### Given records
********************

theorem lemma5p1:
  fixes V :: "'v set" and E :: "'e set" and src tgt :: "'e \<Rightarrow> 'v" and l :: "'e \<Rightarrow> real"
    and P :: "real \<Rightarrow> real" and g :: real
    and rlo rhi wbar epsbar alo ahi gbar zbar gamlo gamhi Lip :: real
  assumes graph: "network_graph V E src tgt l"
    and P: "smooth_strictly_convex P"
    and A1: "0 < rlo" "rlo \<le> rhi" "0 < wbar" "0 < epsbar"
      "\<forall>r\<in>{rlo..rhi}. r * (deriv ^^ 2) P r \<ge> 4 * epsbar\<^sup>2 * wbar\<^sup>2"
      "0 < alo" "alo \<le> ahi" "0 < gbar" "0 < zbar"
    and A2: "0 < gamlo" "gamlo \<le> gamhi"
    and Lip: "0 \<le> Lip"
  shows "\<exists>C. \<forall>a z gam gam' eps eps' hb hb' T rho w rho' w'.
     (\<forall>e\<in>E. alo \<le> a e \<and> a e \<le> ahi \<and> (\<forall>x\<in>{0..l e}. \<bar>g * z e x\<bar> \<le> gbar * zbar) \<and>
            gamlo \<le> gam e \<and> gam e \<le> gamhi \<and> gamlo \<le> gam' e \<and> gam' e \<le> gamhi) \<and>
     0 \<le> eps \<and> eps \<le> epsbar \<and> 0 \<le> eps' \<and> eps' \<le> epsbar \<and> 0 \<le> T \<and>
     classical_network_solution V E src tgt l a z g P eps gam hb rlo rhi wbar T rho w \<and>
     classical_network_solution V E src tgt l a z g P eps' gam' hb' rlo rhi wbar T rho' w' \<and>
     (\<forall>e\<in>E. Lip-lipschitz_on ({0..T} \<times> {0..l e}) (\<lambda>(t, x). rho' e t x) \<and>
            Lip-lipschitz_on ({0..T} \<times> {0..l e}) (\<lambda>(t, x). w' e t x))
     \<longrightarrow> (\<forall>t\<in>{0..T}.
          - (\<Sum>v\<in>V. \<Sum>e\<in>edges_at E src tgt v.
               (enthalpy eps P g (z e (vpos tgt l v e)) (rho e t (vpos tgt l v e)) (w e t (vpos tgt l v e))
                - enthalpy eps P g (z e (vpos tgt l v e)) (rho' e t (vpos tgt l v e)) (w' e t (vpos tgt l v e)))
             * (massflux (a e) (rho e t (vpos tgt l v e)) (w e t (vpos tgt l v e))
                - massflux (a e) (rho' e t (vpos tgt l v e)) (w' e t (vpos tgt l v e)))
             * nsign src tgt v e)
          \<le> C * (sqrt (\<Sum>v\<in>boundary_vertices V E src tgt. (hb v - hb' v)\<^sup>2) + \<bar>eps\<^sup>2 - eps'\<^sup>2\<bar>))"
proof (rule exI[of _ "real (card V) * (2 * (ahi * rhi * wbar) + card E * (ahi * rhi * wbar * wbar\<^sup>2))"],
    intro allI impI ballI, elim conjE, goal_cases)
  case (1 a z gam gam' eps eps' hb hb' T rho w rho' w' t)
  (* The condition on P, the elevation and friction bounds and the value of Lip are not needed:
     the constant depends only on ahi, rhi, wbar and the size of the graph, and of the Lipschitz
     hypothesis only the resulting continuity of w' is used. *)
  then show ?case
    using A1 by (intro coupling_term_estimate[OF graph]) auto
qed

********************

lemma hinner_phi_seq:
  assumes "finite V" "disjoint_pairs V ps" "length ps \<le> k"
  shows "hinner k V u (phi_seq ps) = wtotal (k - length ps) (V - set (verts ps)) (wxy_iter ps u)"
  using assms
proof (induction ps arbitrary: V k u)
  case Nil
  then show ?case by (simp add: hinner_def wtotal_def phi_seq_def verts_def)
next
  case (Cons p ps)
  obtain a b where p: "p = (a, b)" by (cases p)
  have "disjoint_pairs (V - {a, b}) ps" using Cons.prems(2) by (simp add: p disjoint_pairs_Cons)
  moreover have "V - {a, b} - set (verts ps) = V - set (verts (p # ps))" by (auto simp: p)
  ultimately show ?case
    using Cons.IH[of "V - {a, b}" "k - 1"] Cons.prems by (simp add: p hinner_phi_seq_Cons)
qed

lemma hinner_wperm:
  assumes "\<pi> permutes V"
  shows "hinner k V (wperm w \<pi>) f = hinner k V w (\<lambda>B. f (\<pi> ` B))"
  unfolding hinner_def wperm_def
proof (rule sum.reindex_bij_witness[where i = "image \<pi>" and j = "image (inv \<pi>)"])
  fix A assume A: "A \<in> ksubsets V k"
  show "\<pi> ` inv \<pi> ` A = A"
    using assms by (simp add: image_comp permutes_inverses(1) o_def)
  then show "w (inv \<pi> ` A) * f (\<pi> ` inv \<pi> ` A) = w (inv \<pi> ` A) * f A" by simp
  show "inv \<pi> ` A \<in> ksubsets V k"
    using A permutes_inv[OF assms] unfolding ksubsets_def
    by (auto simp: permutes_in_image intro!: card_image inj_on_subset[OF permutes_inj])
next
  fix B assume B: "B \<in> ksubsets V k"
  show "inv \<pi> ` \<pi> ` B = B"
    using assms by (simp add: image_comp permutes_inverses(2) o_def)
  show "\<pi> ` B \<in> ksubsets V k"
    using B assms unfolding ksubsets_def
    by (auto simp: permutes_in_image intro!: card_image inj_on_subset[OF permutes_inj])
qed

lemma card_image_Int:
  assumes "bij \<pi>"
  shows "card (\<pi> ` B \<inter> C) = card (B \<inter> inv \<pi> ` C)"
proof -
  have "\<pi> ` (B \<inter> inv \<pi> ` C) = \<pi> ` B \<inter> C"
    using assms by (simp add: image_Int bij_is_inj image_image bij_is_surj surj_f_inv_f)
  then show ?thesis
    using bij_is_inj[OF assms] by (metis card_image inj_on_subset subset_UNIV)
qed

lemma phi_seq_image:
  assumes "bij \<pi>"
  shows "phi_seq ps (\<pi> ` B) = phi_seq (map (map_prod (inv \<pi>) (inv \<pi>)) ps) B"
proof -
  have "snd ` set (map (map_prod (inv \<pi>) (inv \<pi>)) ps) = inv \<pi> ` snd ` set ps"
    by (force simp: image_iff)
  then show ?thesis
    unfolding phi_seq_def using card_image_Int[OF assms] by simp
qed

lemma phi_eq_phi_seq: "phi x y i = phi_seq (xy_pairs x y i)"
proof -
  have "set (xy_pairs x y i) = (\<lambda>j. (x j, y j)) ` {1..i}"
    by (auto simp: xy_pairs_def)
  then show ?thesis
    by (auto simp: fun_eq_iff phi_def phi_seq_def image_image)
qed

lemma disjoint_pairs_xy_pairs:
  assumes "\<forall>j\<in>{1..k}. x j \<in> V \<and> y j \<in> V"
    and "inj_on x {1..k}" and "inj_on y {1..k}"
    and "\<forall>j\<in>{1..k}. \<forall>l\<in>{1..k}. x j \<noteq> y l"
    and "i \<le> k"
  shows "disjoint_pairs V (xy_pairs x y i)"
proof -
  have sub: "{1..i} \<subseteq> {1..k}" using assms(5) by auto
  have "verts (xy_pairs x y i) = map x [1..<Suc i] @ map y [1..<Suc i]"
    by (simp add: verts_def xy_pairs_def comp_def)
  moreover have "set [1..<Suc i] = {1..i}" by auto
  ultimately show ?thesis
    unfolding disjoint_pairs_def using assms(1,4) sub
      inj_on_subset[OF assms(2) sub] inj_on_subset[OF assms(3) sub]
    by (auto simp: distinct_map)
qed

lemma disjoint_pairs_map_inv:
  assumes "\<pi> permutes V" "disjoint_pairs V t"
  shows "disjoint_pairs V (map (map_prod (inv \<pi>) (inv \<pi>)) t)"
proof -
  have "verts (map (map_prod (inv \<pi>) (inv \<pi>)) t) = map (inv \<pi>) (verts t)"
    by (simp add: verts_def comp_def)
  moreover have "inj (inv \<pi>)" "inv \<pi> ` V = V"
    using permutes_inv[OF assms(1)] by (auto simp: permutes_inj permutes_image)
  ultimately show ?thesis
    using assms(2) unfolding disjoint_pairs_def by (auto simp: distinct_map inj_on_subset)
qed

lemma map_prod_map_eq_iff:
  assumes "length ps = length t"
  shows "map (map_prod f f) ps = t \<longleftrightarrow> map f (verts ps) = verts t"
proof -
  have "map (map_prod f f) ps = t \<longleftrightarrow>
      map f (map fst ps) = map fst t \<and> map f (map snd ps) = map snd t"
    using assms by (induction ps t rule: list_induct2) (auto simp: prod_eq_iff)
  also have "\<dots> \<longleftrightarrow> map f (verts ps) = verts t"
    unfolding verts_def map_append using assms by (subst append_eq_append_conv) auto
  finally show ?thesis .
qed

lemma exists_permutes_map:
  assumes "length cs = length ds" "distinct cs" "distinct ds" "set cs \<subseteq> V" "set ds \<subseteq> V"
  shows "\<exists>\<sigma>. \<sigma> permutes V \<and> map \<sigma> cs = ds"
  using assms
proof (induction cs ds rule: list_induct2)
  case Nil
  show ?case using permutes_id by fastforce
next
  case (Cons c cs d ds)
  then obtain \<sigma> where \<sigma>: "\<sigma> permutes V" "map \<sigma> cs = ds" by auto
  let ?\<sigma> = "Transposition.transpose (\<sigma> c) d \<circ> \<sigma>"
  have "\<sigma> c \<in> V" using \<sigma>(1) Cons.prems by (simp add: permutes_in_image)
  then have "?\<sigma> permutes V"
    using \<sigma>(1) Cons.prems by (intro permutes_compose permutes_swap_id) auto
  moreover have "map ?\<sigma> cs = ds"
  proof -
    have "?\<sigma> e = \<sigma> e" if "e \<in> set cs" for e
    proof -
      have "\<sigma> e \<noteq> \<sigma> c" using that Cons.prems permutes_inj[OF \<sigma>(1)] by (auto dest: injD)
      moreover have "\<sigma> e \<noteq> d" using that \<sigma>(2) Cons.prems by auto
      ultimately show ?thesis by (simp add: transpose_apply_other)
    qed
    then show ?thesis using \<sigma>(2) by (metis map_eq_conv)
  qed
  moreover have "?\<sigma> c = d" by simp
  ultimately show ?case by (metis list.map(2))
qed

********************

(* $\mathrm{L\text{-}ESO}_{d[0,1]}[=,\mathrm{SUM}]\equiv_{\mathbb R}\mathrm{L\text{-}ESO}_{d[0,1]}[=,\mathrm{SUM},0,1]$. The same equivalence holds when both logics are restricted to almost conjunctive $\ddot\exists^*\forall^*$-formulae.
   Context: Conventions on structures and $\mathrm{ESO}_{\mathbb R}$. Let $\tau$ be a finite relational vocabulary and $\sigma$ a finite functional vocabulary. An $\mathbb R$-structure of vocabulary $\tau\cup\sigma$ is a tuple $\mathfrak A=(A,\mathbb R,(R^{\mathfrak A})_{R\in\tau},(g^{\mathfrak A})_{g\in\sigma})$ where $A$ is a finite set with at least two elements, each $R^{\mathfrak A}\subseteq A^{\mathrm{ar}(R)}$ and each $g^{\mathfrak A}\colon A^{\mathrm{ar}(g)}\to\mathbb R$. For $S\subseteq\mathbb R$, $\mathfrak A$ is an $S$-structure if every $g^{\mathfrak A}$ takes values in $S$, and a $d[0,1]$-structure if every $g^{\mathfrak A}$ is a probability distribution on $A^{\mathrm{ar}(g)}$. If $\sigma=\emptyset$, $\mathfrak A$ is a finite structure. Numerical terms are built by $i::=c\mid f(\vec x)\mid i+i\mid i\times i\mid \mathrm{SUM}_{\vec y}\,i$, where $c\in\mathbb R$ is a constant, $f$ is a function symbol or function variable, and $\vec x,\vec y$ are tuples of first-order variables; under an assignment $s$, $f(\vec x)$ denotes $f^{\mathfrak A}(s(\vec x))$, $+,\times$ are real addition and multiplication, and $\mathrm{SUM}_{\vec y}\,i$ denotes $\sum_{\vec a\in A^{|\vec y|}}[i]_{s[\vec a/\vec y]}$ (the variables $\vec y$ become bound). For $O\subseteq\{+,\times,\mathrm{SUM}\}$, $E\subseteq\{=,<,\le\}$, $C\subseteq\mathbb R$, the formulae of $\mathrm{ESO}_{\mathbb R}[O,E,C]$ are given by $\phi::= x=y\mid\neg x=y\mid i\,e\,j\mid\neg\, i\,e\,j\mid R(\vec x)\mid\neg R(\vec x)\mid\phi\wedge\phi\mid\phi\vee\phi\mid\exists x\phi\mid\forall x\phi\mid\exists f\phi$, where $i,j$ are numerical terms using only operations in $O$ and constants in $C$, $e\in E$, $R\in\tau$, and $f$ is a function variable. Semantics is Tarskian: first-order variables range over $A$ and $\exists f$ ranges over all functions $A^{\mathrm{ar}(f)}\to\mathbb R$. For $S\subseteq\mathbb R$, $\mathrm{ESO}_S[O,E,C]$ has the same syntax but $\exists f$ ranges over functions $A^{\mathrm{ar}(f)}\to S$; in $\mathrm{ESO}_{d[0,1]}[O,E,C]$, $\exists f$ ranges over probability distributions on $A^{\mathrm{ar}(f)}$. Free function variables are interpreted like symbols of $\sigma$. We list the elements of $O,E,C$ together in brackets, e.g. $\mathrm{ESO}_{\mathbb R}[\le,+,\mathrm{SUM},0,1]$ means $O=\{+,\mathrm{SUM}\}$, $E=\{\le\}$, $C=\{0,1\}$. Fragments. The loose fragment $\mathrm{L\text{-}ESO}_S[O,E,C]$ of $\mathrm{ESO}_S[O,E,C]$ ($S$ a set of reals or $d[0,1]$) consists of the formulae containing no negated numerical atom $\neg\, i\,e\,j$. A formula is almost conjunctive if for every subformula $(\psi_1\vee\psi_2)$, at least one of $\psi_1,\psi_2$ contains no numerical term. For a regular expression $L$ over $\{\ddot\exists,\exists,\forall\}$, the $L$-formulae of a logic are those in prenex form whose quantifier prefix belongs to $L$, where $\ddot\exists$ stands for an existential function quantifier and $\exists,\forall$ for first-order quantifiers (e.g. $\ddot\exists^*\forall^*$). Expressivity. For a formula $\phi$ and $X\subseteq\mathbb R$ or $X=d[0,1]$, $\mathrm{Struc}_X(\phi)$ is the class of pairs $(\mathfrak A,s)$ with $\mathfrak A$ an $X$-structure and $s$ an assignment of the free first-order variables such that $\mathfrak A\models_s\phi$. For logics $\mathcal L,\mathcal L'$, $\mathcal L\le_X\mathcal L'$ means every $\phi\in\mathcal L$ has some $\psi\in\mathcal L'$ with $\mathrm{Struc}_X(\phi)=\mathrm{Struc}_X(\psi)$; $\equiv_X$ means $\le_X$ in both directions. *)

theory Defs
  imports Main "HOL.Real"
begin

********************

### What the task asks
Tell how many lines above contain the word "epsbar". Nothing but the number is needed.

### Task solution
4